Task prompt
Give again the lines of the data from its first line through the line with "F G \<longleftrightarrow>". Change nothing.

Extracted material
lemma loewner_le_cong:
  assumes "\<And>a b. a < N \<Longrightarrow> b < N \<Longrightarrow> F a b = F' a b"
    and "\<And>a b. a < N \<Longrightarrow> b < N \<Longrightarrow> G a b = G' a b"
  shows "loewner_le N F G \<longleftrightarrow> loewner_le N F' G'"
  unfolding loewner_le_def using qform_cong[of N F F'] qform_cong[of N G G'] assms by simp

lemma loewner_le_trans: "loewner_le N F G \<Longrightarrow> loewner_le N G H \<Longrightarrow> loewner_le N F H"
  unfolding loewner_le_def by (meson order_trans)

lemma qform_mmult_self:
  assumes "herm N P"
  shows "qform N (mmult N P P) x = of_real (\<Sum>c<N. (norm (\<Sum>b<N. P c b * x b))\<^sup>2)"
proof -
  have "qform N (mmult N P P) x = (\<Sum>a<N. \<Sum>b<N. \<Sum>c<N. cnj (x a) * P a c * (P c b * x b))"
    unfolding qform_def mmult_def by (simp add: sum_distrib_left sum_distrib_right mult.assoc)
  also have "\<dots> = (\<Sum>a<N. \<Sum>c<N. \<Sum>b<N. cnj (x a) * P a c * (P c b * x b))"
    by (rule sum.cong[OF refl], rule sum.swap)
  also have "\<dots> = (\<Sum>c<N. \<Sum>a<N. \<Sum>b<N. cnj (x a) * P a c * (P c b * x b))"
    by (rule sum.swap)
  also have "\<dots> = (\<Sum>c<N. (\<Sum>a<N. cnj (x a) * P a c) * (\<Sum>b<N. P c b * x b))"
    by (simp add: sum_product)
  also have "\<dots> = (\<Sum>c<N. cnj (\<Sum>b<N. P c b * x b) * (\<Sum>b<N. P c b * x b))"
  proof (intro sum.cong refl arg_cong2[where f=times])
    fix c assume "c \<in> {..<N}"
    have term_eq: "cnj (x a) * P a c = cnj (P c a * x a)" if "a \<in> {..<N}" for a
    proof -
      have "P a c = cnj (P c a)" using assms that \<open>c \<in> {..<N}\<close> unfolding herm_def by blast
      then show ?thesis by (simp add: mult.commute)
    qed
    then show "(\<Sum>a<N. cnj (x a) * P a c) = cnj (\<Sum>b<N. P c b * x b)"
      by (simp only: cnj_sum) (rule sum.cong[OF refl term_eq])
  qed
  also have "\<dots> = of_real (\<Sum>c<N. (norm (\<Sum>b<N. P c b * x b))\<^sup>2)"
    by (simp only: of_real_sum complex_norm_square mult.commute)
  finally show ?thesis .
qed

lemma qform_mpower_even_nonneg:
  assumes "herm N F"
  shows "0 \<le> qform N (mpower N F (2 * j)) x"
proof -
  have "qform N (mpower N F (2 * j)) x = qform N (mmult N (mpower N F j) (mpower N F j)) x"
    by (rule qform_cong) (simp add: mpower_add[symmetric] mult_2)
  then show ?thesis
    by (simp add: qform_mmult_self[OF herm_mpower[OF assms]] less_eq_complex_def sum_nonneg)
qed

lemma sums_le_complex:
  fixes f g :: "nat \<Rightarrow> complex"
  assumes le: "\<And>n. f n \<le> g n" and "f sums a" "g sums b"
  shows "a \<le> b"
proof -
  have Re: "(\<lambda>n. Re (f n)) sums Re a" "(\<lambda>n. Re (g n)) sums Re b"
    and Im: "(\<lambda>n. Im (f n)) sums Im a" "(\<lambda>n. Im (g n)) sums Im b"
    using assms(2,3) by (simp_all add: sums_complex_iff)
  have Re_le: "Re (f n) \<le> Re (g n)" and Im_eq: "Im (g n) = Im (f n)" for n
    using le[of n] by (simp_all add: less_eq_complex_def)
  have "Re a \<le> Re b" by (rule sums_le[OF Re_le Re])
  moreover have "Im a = Im b"
    using Im unfolding Im_eq by (rule sums_unique2)
  ultimately show ?thesis by (simp add: less_eq_complex_def)
qed
lemma moment_series_le:
  fixes u :: "nat \<Rightarrow> complex" and t :: real
  assumes sums: "(\<lambda>n. (t ^ n / fact n) *\<^sub>R u n) sums L"
    and "u 1 = 0" and moments: "\<And>n. 2 \<le> n \<Longrightarrow> u n \<le> (fact n / 2) *\<^sub>R d"
    and "0 \<le> t" "t < 1"
  shows "L \<le> u 0 + (t\<^sup>2 / (2 * (1 - t))) *\<^sub>R d"
proof -
  have tail: "(\<lambda>n. (t ^ (n + 2) / fact (n + 2)) *\<^sub>R u (n + 2)) sums (L - u 0)"
    using sums_split_initial_segment[OF sums, of 2] \<open>u 1 = 0\<close> by (simp add: numeral_2_eq_2)
  have geometric: "(\<lambda>n. (t ^ (n + 2) / 2) *\<^sub>R d) sums ((t\<^sup>2 / (2 * (1 - t))) *\<^sub>R d)"
  proof -
    have "(\<lambda>n. t\<^sup>2 / 2 * t ^ n) sums (t\<^sup>2 / 2 * (1 / (1 - t)))"
      using assms(4,5) by (intro sums_mult geometric_sums) simp
    then have "(\<lambda>n. t ^ (n + 2) / 2) sums (t\<^sup>2 / (2 * (1 - t)))"
      by (simp add: power_add power2_eq_square mult_ac)
    then show ?thesis by (rule sums_scaleR_left)
  qed
  have "(t ^ (n + 2) / fact (n + 2)) *\<^sub>R u (n + 2) \<le> (t ^ (n + 2) / 2) *\<^sub>R d" for n
  proof -
    have "(t ^ (n + 2) / fact (n + 2)) *\<^sub>R u (n + 2)
        \<le> (t ^ (n + 2) / fact (n + 2)) *\<^sub>R ((fact (n + 2) / 2) *\<^sub>R d)"
      using moments[of "n + 2"] \<open>0 \<le> t\<close> by (intro scaleR_left_mono) auto
    also have "\<dots> = (t ^ (n + 2) / 2) *\<^sub>R d"
      by simp
    finally show ?thesis .
  qed
  then have "L - u 0 \<le> (t\<^sup>2 / (2 * (1 - t))) *\<^sub>R d"
    using tail geometric by (rule sums_le_complex)
  then show ?thesis by (simp add: diff_le_eq add.commute)
qed

lemma exp_series_ge:
  fixes v :: "nat \<Rightarrow> complex" and s :: real
  assumes sums: "(\<lambda>n. (s ^ n / fact n) *\<^sub>R v n) sums R"
    and nonneg: "\<And>n. 2 \<le> n \<Longrightarrow> 0 \<le> v n" and "0 \<le> s"
  shows "v 0 + s *\<^sub>R v 1 \<le> R"
proof -
  have tail: "(\<lambda>n. (s ^ (n + 2) / fact (n + 2)) *\<^sub>R v (n + 2)) sums (R - (v 0 + s *\<^sub>R v 1))"
    using sums_split_initial_segment[OF sums, of 2] by (simp add: numeral_2_eq_2)
  have "0 \<le> (s ^ (n + 2) / fact (n + 2)) *\<^sub>R v (n + 2)" for n
    using nonneg[of "n + 2"] \<open>0 \<le> s\<close> by (intro scaleR_nonneg_nonneg) auto
  then have "0 \<le> R - (v 0 + s *\<^sub>R v 1)"
    using sums_zero tail by (rule sums_le_complex)
  then show ?thesis by simp
qed

section \<open>The matrix inequality\<close>

lemma integral_norm_mpower_le:
  fixes B :: "'a \<Rightarrow> nat \<Rightarrow> nat \<Rightarrow> complex"
  assumes herm: "\<And>\<omega>. \<omega> \<in> space M \<Longrightarrow> herm N (B \<omega>)"
    and integrable: "\<And>n a b. a < N \<Longrightarrow> b < N \<Longrightarrow> integrable M (\<lambda>\<omega>. mpower N (B \<omega>) n a b)"
    and diag: "\<And>j a. a < N \<Longrightarrow> Re (LINT \<omega>|M. mpower N (B \<omega>) (2 * j) a a) \<le> fact (2 * j) * K"
    and "0 \<le> K" "a < N" "b < N"
  shows "(LINT \<omega>|M. norm (mpower N (B \<omega>) n a b)) \<le> fact (Suc n) * K"
proof -
  define j k where "j = n div 2" and "k = n - n div 2"
  have integrable_Re_diag: "integrable M (\<lambda>\<omega>. Re (mpower N (B \<omega>) i c c))" if "c < N" for i c
    using integrable[OF that that] by (rule integrable_Re)
  have "(LINT \<omega>|M. norm (mpower N (B \<omega>) n a b))
      \<le> (LINT \<omega>|M. (Re (mpower N (B \<omega>) (2 * j) a a) + Re (mpower N (B \<omega>) (2 * k) b b)) / 2)"
  proof (rule integral_mono)
    show "integrable M (\<lambda>\<omega>. norm (mpower N (B \<omega>) n a b))"
      using assms(5,6) by (intro integrable_norm integrable)
    show "integrable M (\<lambda>\<omega>. (Re (mpower N (B \<omega>) (2 * j) a a) + Re (mpower N (B \<omega>) (2 * k) b b)) / 2)"
      using integrable_Re_diag[OF assms(5)] integrable_Re_diag[OF assms(6)] by simp
  qed (use norm_mpower_le[OF herm] assms(5,6) in \<open>simp add: j_def k_def\<close>)
  also have "\<dots> = (Re (LINT \<omega>|M. mpower N (B \<omega>) (2 * j) a a)
                  + Re (LINT \<omega>|M. mpower N (B \<omega>) (2 * k) b b)) / 2"
    using assms(5,6) by (simp add: integrable)
  also have "\<dots> \<le> (fact (2 * j) * K + fact (2 * k) * K) / 2"
    using diag assms(5,6) by (intro divide_right_mono add_mono) auto
  also have "\<dots> \<le> (fact (Suc n) * K + fact (Suc n) * K) / 2"
    unfolding j_def k_def using \<open>0 \<le> K\<close>
    by (intro divide_right_mono add_mono mult_right_mono fact_mono) auto
  also have "\<dots> = fact (Suc n) * K"
    by simp
  finally show ?thesis .
qed

lemma integral_mexp_sums:
  fixes B :: "'a \<Rightarrow> nat \<Rightarrow> nat \<Rightarrow> complex"
  assumes integrable: "\<And>n. integrable M (\<lambda>\<omega>. mpower N (B \<omega>) n a b)"
    and moments: "\<And>n. (LINT \<omega>|M. norm (mpower N (B \<omega>) n a b)) \<le> fact (Suc n) * K"
    and "0 \<le> t" "t < 1" "b < N"
  shows "(\<lambda>n. (t ^ n / fact n) *\<^sub>R (LINT \<omega>|M. mpower N (B \<omega>) n a b))
           sums (LINT \<omega>|M. mexp N (\<lambda>a b. of_real t * B \<omega> a b) a b)"
proof -
  define f where "f n \<omega> = (t ^ n / fact n) *\<^sub>R mpower N (B \<omega>) n a b" for n \<omega>
  have mexp_eq: "mexp N (\<lambda>a b. of_real t * B \<omega> a b) a b = (\<Sum>n. f n \<omega>)" for \<omega>
    by (simp add: mexp_def mpower_scale f_def scaleR_conv_of_real)
  have norm_f: "norm (f n \<omega>) = t ^ n / fact n * norm (mpower N (B \<omega>) n a b)" for n \<omega>
    using \<open>0 \<le> t\<close> by (simp add: f_def)
  have bound: "(LINT \<omega>|M. norm (f n \<omega>)) \<le> K * (real (Suc n) * t ^ n)" for n
  proof -
    have "(LINT \<omega>|M. norm (f n \<omega>)) \<le> t ^ n / fact n * (fact (Suc n) * K)"
      unfolding norm_f integral_mult_right_zero using \<open>0 \<le> t\<close> by (intro mult_left_mono moments) simp
    also have "\<dots> = K * (real (Suc n) * t ^ n)"
      by (simp add: field_simps)
    finally show ?thesis .
  qed
  have "summable (\<lambda>n. LINT \<omega>|M. norm (f n \<omega>))"
  proof (rule summable_comparison_test')
    show "summable (\<lambda>n. K * (real (Suc n) * t ^ n))"
      using \<open>0 \<le> t\<close> \<open>t < 1\<close>
      by (intro summable_mult sums_summable[OF geometric_deriv_sums]) simp
    show "norm (LINT \<omega>|M. norm (f n \<omega>)) \<le> K * (real (Suc n) * t ^ n)" for n
      using bound[of n] by (simp add: integral_nonneg)
  qed
  moreover have "AE \<omega> in M. summable (\<lambda>n. norm (f n \<omega>))"
    unfolding norm_f using summable_exp_series_mpower \<open>b < N\<close> \<open>0 \<le> t\<close> by simp
  moreover have "integrable M (f n)" for n
    unfolding f_def using integrable by simp
  ultimately have "(\<lambda>n. LINT \<omega>|M. f n \<omega>) sums (LINT \<omega>|M. (\<Sum>n. f n \<omega>))"
    by (intro sums_integral)
  then show ?thesis
    by (simp add: f_def mexp_eq)
qed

Completed task
lemma loewner_le_cong:
  assumes "\<And>a b. a < N \<Longrightarrow> b < N \<Longrightarrow> F a b = F' a b"
    and "\<And>a b. a < N \<Longrightarrow> b < N \<Longrightarrow> G a b = G' a b"
  shows "loewner_le N F G \<longleftrightarrow> loewner_le N F' G'"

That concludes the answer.